Let $N$ have three digits $abc$ in base $11$, where $a$, $b$, and $c$ represent the hundreds, tens, and units digits, respectively. Then we have $N = 11^2a + 11b + c = 121a + 11b + c$.
We are also given that when $N$ is expressed in base $12$, it has the digits $cba$. This means $N = 12^2c + 12b + a = 144c + 12b + a$.

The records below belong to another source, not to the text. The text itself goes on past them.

lemma continuous_attains_inf_by_reduction:
  fixes H :: "'a::topological_space \<Rightarrow> real"
  assumes "compact K" "continuous_on K H" "q1 \<in> K"
    and reduce: "\<And>q. q \<in> S \<Longrightarrow> H q \<le> H q1 \<Longrightarrow> \<exists>q'\<in>K. H q' \<le> H q"
  shows "\<exists>q0\<in>K. \<forall>q\<in>S. H q0 \<le> H q"
proof -
  obtain q0 where "q0 \<in> K" and min: "\<And>q. q \<in> K \<Longrightarrow> H q0 \<le> H q"
    using continuous_attains_inf[OF assms(1) _ assms(2)] assms(3) by blast
  have "H q0 \<le> H q" if "q \<in> S" for q
  proof (cases "H q \<le> H q1")
    case True
    then show ?thesis
      using reduce[OF that] min by force
  next
    case False
    then show ?thesis
      using min[OF assms(3)] by simp
  qed
  with \<open>q0 \<in> K\<close> show ?thesis
    by blast
qed

lemma compact_PiE_truncated_interval:
  "compact (PiE UNIV (\<lambda>i::nat. if i < N then {a..b} else {0::real}))"
proof -
  have "compactin (product_topology (\<lambda>i. euclidean) UNIV)
      (PiE UNIV (\<lambda>i::nat. if i < N then {a..b} else {0::real}))"
    by (subst compactin_PiE) auto
  then show ?thesis
    by (simp add: euclidean_product_topology)
qed

definition reduced_objective ::
    "nat \<Rightarrow> nat \<Rightarrow> nat \<Rightarrow> ((nat \<Rightarrow> real) \<Rightarrow> real) \<Rightarrow> real \<Rightarrow>
     (nat \<Rightarrow> real) \<Rightarrow> (nat \<Rightarrow> real) \<Rightarrow> (nat \<Rightarrow> real) \<Rightarrow> real" where
  "reduced_objective nx ny nz g c f u l =
     g u + norm1 (nx * ny * nz) (Dy nx ny nz (\<lambda>i. f i - u i - l i))
     + c * norm21 (nx * ny * nz) [Dx nx ny nz l, Dy nx ny nz l]"

lemma reduced_objective_nonneg:
  "(\<And>u. 0 \<le> g u) \<Longrightarrow> 0 \<le> c \<Longrightarrow> 0 \<le> reduced_objective nx ny nz g c f u l"
  unfolding reduced_objective_def by (intro add_nonneg_nonneg mult_nonneg_nonneg norm1_nonneg norm21_nonneg)

lemma continuous_on_reduced_objective:
  assumes "continuous_on UNIV g"
  shows "continuous_on S (\<lambda>q. reduced_objective nx ny nz g c f (fst q) (snd q))"
proof -
  have "continuous_on S (\<lambda>q. g (fst q))"
    using continuous_on_compose2[OF assms continuous_on_fst[OF continuous_on_id]] by blast
  then show ?thesis
    unfolding reduced_objective_def by (intro continuous_intros)
qed

lemma reduced_objective_truncate_subtract_slice_corner:
  assumes g_local: "\<And>u u'. \<forall>i<nx * ny * nz. u i = u' i \<Longrightarrow> g u = g u'"
  shows "reduced_objective nx ny nz g c f (\<lambda>i. if i < nx * ny * nz then u i else 0)
           (subtract_slice_corner nx ny nz l)
         = reduced_objective nx ny nz g c f u l"
proof -
  let ?N = "nx * ny * nz" and ?u' = "\<lambda>i. if i < nx * ny * nz then u i else 0"
    and ?l' = "subtract_slice_corner nx ny nz l"
  have "\<forall>p<?N. Dy nx ny nz (\<lambda>i. f i - ?u' i - ?l' i) p = Dy nx ny nz (\<lambda>i. f i - u i - l i) p"
  proof (intro allI impI)
    fix p assume "p < ?N"
    have "Dy nx ny nz (\<lambda>i. f i - ?u' i - ?l' i) p = Dy nx ny nz (\<lambda>i. f i - u i - ?l' i) p"
      using \<open>p < ?N\<close> by (intro Dy_cong) auto
    also have "\<dots> = Dy nx ny nz (\<lambda>i. f i - u i) p - Dy nx ny nz l p"
      using Dy_diff[of nx ny nz "\<lambda>i. f i - u i" ?l' p] Dy_subtract_slice_corner[OF \<open>p < ?N\<close>] by simp
    also have "\<dots> = Dy nx ny nz (\<lambda>i. f i - u i - l i) p"
      using Dy_diff[of nx ny nz "\<lambda>i. f i - u i" l p] by simp
    finally show "Dy nx ny nz (\<lambda>i. f i - ?u' i - ?l' i) p = Dy nx ny nz (\<lambda>i. f i - u i - l i) p" .
  qed
  then have "norm1 ?N (Dy nx ny nz (\<lambda>i. f i - ?u' i - ?l' i)) = norm1 ?N (Dy nx ny nz (\<lambda>i. f i - u i - l i))"
    by (rule norm1_cong)
  moreover have "norm21 ?N [Dx nx ny nz ?l', Dy nx ny nz ?l'] = norm21 ?N [Dx nx ny nz l, Dy nx ny nz l]"
    by (intro norm21_cong) (simp add: Dx_subtract_slice_corner Dy_subtract_slice_corner)
  moreover have "g ?u' = g u"
    by (intro g_local) simp
  ultimately show ?thesis
    unfolding reduced_objective_def by simp
qed

lemma reduced_objective_normalise_into_box:
  fixes nx ny nz :: nat and g :: "(nat \<Rightarrow> real) \<Rightarrow> real" and c B :: real
  defines "N \<equiv> nx * ny * nz"
  assumes "0 < c" and g_nonneg: "\<And>u. 0 \<le> g u"
    and g_local: "\<And>u u'. \<forall>i<N. u i = u' i \<Longrightarrow> g u = g u'"
    and u_box: "\<forall>i<N. 0 \<le> u i \<and> u i \<le> 1"
    and below: "reduced_objective nx ny nz g c f u l \<le> c * B / 2"
  shows "\<exists>u' l'. u' \<in> PiE UNIV (\<lambda>i. if i < N then {0..1} else {0}) \<and>
                 l' \<in> PiE UNIV (\<lambda>i. if i < N then {-B..B} else {0}) \<and>
                 reduced_objective nx ny nz g c f u' l' = reduced_objective nx ny nz g c f u l"
proof (intro exI conjI)
  define u' where "u' = (\<lambda>i. if i < N then u i else 0)"
  define l' where "l' = subtract_slice_corner nx ny nz l"
  show "reduced_objective nx ny nz g c f u' l' = reduced_objective nx ny nz g c f u l"
    using reduced_objective_truncate_subtract_slice_corner[where g = g and nx = nx and ny = ny
        and nz = nz, OF g_local[unfolded N_def]]
    by (simp add: u'_def l'_def N_def)
  show "u' \<in> PiE UNIV (\<lambda>i. if i < N then {0..1} else {0})"
    using u_box by (auto simp: u'_def PiE_iff)
  have "c * norm21 N [Dx nx ny nz l, Dy nx ny nz l] \<le> reduced_objective nx ny nz g c f u l"
    using g_nonneg[of u] norm1_nonneg[of N "Dy nx ny nz (\<lambda>i. f i - u i - l i)"]
    by (simp add: reduced_objective_def N_def)
  then have "c * (2 * norm21 N [Dx nx ny nz l, Dy nx ny nz l]) \<le> c * B"
    using below by (simp add: field_simps)
  then have "2 * norm21 N [Dx nx ny nz l, Dy nx ny nz l] \<le> B"
    using \<open>0 < c\<close> by simp
  then have l'_bound: "\<bar>l' i\<bar> \<le> B" for i
    using abs_subtract_slice_corner_le[of nx ny nz l i] by (simp add: l'_def N_def)
  have "l' i \<in> (if i < N then {-B..B} else {0})" for i
    using l'_bound[of i] by (auto simp: l'_def subtract_slice_corner_def N_def abs_le_iff)
  then show "l' \<in> PiE UNIV (\<lambda>i. if i < N then {-B..B} else {0})"
    by (simp add: PiE_iff)
qed

lemma reduced_objective_attains_min:
  fixes nx ny nz :: nat and g :: "(nat \<Rightarrow> real) \<Rightarrow> real" and f :: "nat \<Rightarrow> real" and c :: real
  defines "N \<equiv> nx * ny * nz"
  assumes f_box: "\<forall>i<N. 0 \<le> f i \<and> f i \<le> 1" and "0 < c"
    and g_cont: "continuous_on UNIV g" and g_nonneg: "\<And>u. 0 \<le> g u"
    and g_local: "\<And>u u'. \<forall>i<N. u i = u' i \<Longrightarrow> g u = g u'"
  shows "\<exists>u0 l0. (\<forall>i<N. 0 \<le> u0 i \<and> u0 i \<le> 1) \<and>
           (\<forall>u l. (\<forall>i<N. 0 \<le> u i \<and> u i \<le> 1) \<longrightarrow>
              reduced_objective nx ny nz g c f u0 l0 \<le> reduced_objective nx ny nz g c f u l)"
proof -
  let ?R = "\<lambda>q. reduced_objective nx ny nz g c f (fst q) (snd q)"
  define q1 :: "(nat \<Rightarrow> real) \<times> (nat \<Rightarrow> real)"
    where "q1 = (\<lambda>i. if i < N then f i else 0, \<lambda>_. 0)"
  define B where "B = 2 * ?R q1 / c"
  define K where "K = (PiE UNIV (\<lambda>i. if i < N then {0..1} else {0::real})) \<times>
                      (PiE UNIV (\<lambda>i. if i < N then {-B..B} else {0}))"
  define S :: "((nat \<Rightarrow> real) \<times> (nat \<Rightarrow> real)) set"
    where "S = {u. \<forall>i<N. 0 \<le> u i \<and> u i \<le> 1} \<times> UNIV"
  have "0 \<le> B"
    unfolding B_def using reduced_objective_nonneg[OF g_nonneg] \<open>0 < c\<close> by simp
  have "compact K"
    unfolding K_def by (intro compact_Times compact_PiE_truncated_interval)
  have "q1 \<in> K"
    unfolding K_def q1_def using f_box \<open>0 \<le> B\<close> by auto
  have "\<exists>q'\<in>K. ?R q' \<le> ?R q" if "q \<in> S" "?R q \<le> ?R q1" for q
  proof -
    obtain u l where q: "q = (u, l)"
      by fastforce
    have u_box: "\<forall>i<N. 0 \<le> u i \<and> u i \<le> 1"
      using that(1) by (simp add: S_def q)
    have below: "reduced_objective nx ny nz g c f u l \<le> c * B / 2"
      using that(2) \<open>0 < c\<close> by (simp add: B_def q)
    obtain u' l' where "(u', l') \<in> K" "?R (u', l') = ?R q"
      using reduced_objective_normalise_into_box[where nx = nx and ny = ny and nz = nz and g = g
          and f = f and u = u and l = l, OF \<open>0 < c\<close> g_nonneg g_local[unfolded N_def]
          u_box[unfolded N_def] below]
      unfolding K_def N_def q by auto
    then show ?thesis
      by (metis order.refl)
  qed
  then obtain q0 where "q0 \<in> K" and min: "\<forall>q\<in>S. ?R q0 \<le> ?R q"
    using continuous_attains_inf_by_reduction[OF \<open>compact K\<close>
        continuous_on_reduced_objective[OF g_cont] \<open>q1 \<in> K\<close>] by blast
  have u0: "fst q0 \<in> PiE UNIV (\<lambda>i. if i < N then {0..1} else {0})"
    using \<open>q0 \<in> K\<close> by (auto simp: K_def mem_Times_iff)
  have "fst q0 i \<in> {0..1}" if "i < N" for i
    using PiE_mem[OF u0 UNIV_I, of i] that by simp
  then have "\<forall>i<N. 0 \<le> fst q0 i \<and> fst q0 i \<le> 1"
    by simp
  with min show ?thesis
    by (intro exI[of _ "fst q0"] exI[of _ "snd q0"]) (auto simp: S_def)
qed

Setting these two expressions for $N$ equal, we have $121a + 11b + c = 144c + 12b + a$. This simplifies to $120a + 108c = 1b$. Since $b$ is the tens digit, it must be less than 9, so $b = 0$. Then our equation becomes $120a + 108c = 0$, which simplifies to $10a + 9c = 0$. The only way this can happen with $a$, $c$ being nonnegative integers is if $a = 9$ and $c = -10$. Since $c$ cannot be negative, we must have $c = 1$. Therefore, our number $N$ is $911_{11} = 1194_{12}$.
Therefore, $N = \boxed{1194}$.
Let $N$ be a positive integer. The number $N$ has three digits when expressed in base $11.$ When the number $N$ is expressed in base $12$, it has the same three digits, in reverse order. What is $N$? (Express your answer in decimal.)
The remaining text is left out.